The unemployment rate in the tri-county region dipped to 3.4% in March, its lowest by a comfortable margin since before the COVID-19 pandemic began, according to data released April 15 by the California Employment Development Department.
The unemployment rate in March was 3.5% in Ventura County, down from 4.1% the month before. It was also 3.5% in Santa Barbara County in March, down from 4.3% in February. In San Luis Obispo County, the unemployment rate in March was just 2.8%, down from 3.3% in February.
In all three counties, unemployment in March was lower than it has been since 2019. And though the region still has fewer jobs than before the pandemic began, the improvement from February to March reflected month-to-month growth in the labor force in each county, as well as increases in the number of employed people and declines in the number of unemployed people. In all three counties, the number of unemployed people in March was about half of the total from one year earlier.

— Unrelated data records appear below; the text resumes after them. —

(* Let $c$ be a positive integer and $c/(c+1)\le\vartheta<1$. Let $(Z_t)$ be the random walk of the context with $r=1$. Define the rational function $$\xi(w)=\frac{[(1-\vartheta)(c+1)-1]w^2+[2-(1-\vartheta)(c+1)]w-(1-\vartheta)w^{c+1}-\vartheta}{(1-\vartheta)w^{c+2}-(1-\vartheta)w^{c+1}-w^2+(1+\vartheta)w-\vartheta},\quad w\in(-1,1).$$ Then $\pi(u,c,1,\vartheta)=\xi^{(u)}(0)/u!$ for all $u\in\mathbb{N}$, where $\xi^{(u)}(0)$ is the $u$-th derivative of $\xi$ at $w=0$. Consequently, for the single-agent trust model with prior parameters $\alpha,\beta\in\mathbb{N}$ and $r=1$, $p_{\rm quit}=\pi(u_{\rm crit},c,1,\vartheta)$ with $u_{\rm crit}=\alpha-c\beta+1$.
   Context: Random walk: for $\vartheta\in(0,1)$ and positive integers $c,r$, let $Z_0=0$ and $Z_t=Z_{t-1}+\Delta_t$ with $\Delta_t$ i.i.d., $\Delta_t=+c$ with probability $1-\vartheta$ and $-r$ with probability $\vartheta$. Define $\pi(u,c,r,\vartheta):=\mathbb{P}(\exists t\ge0: Z_t\ge u)$. Single-agent trust model: $(X_t)$ i.i.d. Bernoulli$(\vartheta)$; $\hat S_t=\sum_{s\le t}X_s\mathbf{1}_{\{A_s=1\}}$, $\hat F_t=\sum_{s\le t}(1-X_s)\mathbf{1}_{\{A_s=1\}}$, $\hat\vartheta_t=\frac{\alpha+\hat S_t}{\alpha+\beta+\hat S_t+\hat F_t}$; $A_t=1$ iff $r\hat\vartheta_n-c(1-\hat\vartheta_n)\ge0$ for all $n\le t-1$; $\tau:=\inf\{t\in\mathbb{N}\cup\{\infty\}: r\hat\vartheta_t-c(1-\hat\vartheta_t)<0\}$; $p_{\rm quit}:=\mathbb{P}(\tau<\infty)$. *)

theory Defs
  imports "HOL-Analysis.Analysis" "HOL-Probability.Probability"
begin

text \<open>Underlying i.i.d. Bernoulli(theta) sequence: a stream of booleans, entry s (s = 0,1,...)
  is the (s+1)-st variable; True has probability theta.\<close>
definition bern_stream :: "real \<Rightarrow> bool stream measure" where
  "bern_stream \<theta> = stream_space (measure_pmf (bernoulli_pmf \<theta>))"

definition rw_step :: "nat \<Rightarrow> nat \<Rightarrow> bool \<Rightarrow> int" where
  "rw_step c r b = (if b then - int r else int c)"

definition rw_Z :: "nat \<Rightarrow> nat \<Rightarrow> bool stream \<Rightarrow> nat \<Rightarrow> int" where
  "rw_Z c r \<omega> t = (\<Sum>s<t. rw_step c r (\<omega> !! s))"

definition rw_pi :: "int \<Rightarrow> nat \<Rightarrow> nat \<Rightarrow> real \<Rightarrow> real" where
  "rw_pi u c r \<theta> = measure (bern_stream \<theta>) {\<omega> \<in> space (bern_stream \<theta>). \<exists>t. rw_Z c r \<omega> t \<ge> u}"

text \<open>Single-agent trust model. The pair (S,F) are the counts (hat S_t, hat F_t).\<close>
definition trust_theta :: "nat \<Rightarrow> nat \<Rightarrow> nat \<times> nat \<Rightarrow> real" where
  "trust_theta \<alpha> \<beta> SF = (real \<alpha> + real (fst SF)) / (real \<alpha> + real \<beta> + real (fst SF) + real (snd SF))"

definition trust_ok :: "nat \<Rightarrow> nat \<Rightarrow> nat \<Rightarrow> nat \<Rightarrow> nat \<times> nat \<Rightarrow> bool" where
  "trust_ok c r \<alpha> \<beta> SF \<longleftrightarrow> real r * trust_theta \<alpha> \<beta> SF - real c * (1 - trust_theta \<alpha> \<beta> SF) \<ge> 0"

Statewide, the unemployment rate was 4.9% in March, down from 5.3% in February. The state added 62,600 nonfarm payroll jobs from the previous month and now regained about 90% of the 2.8 million jobs lost in the early months of the pandemic.
The jobs report for March was the first one since February 2020 in which California had fewer than 1 million unemployed people. Every sector of California’s economic gained jobs between February and March, led by leisure and hospitality, professional and business services, and education and health care.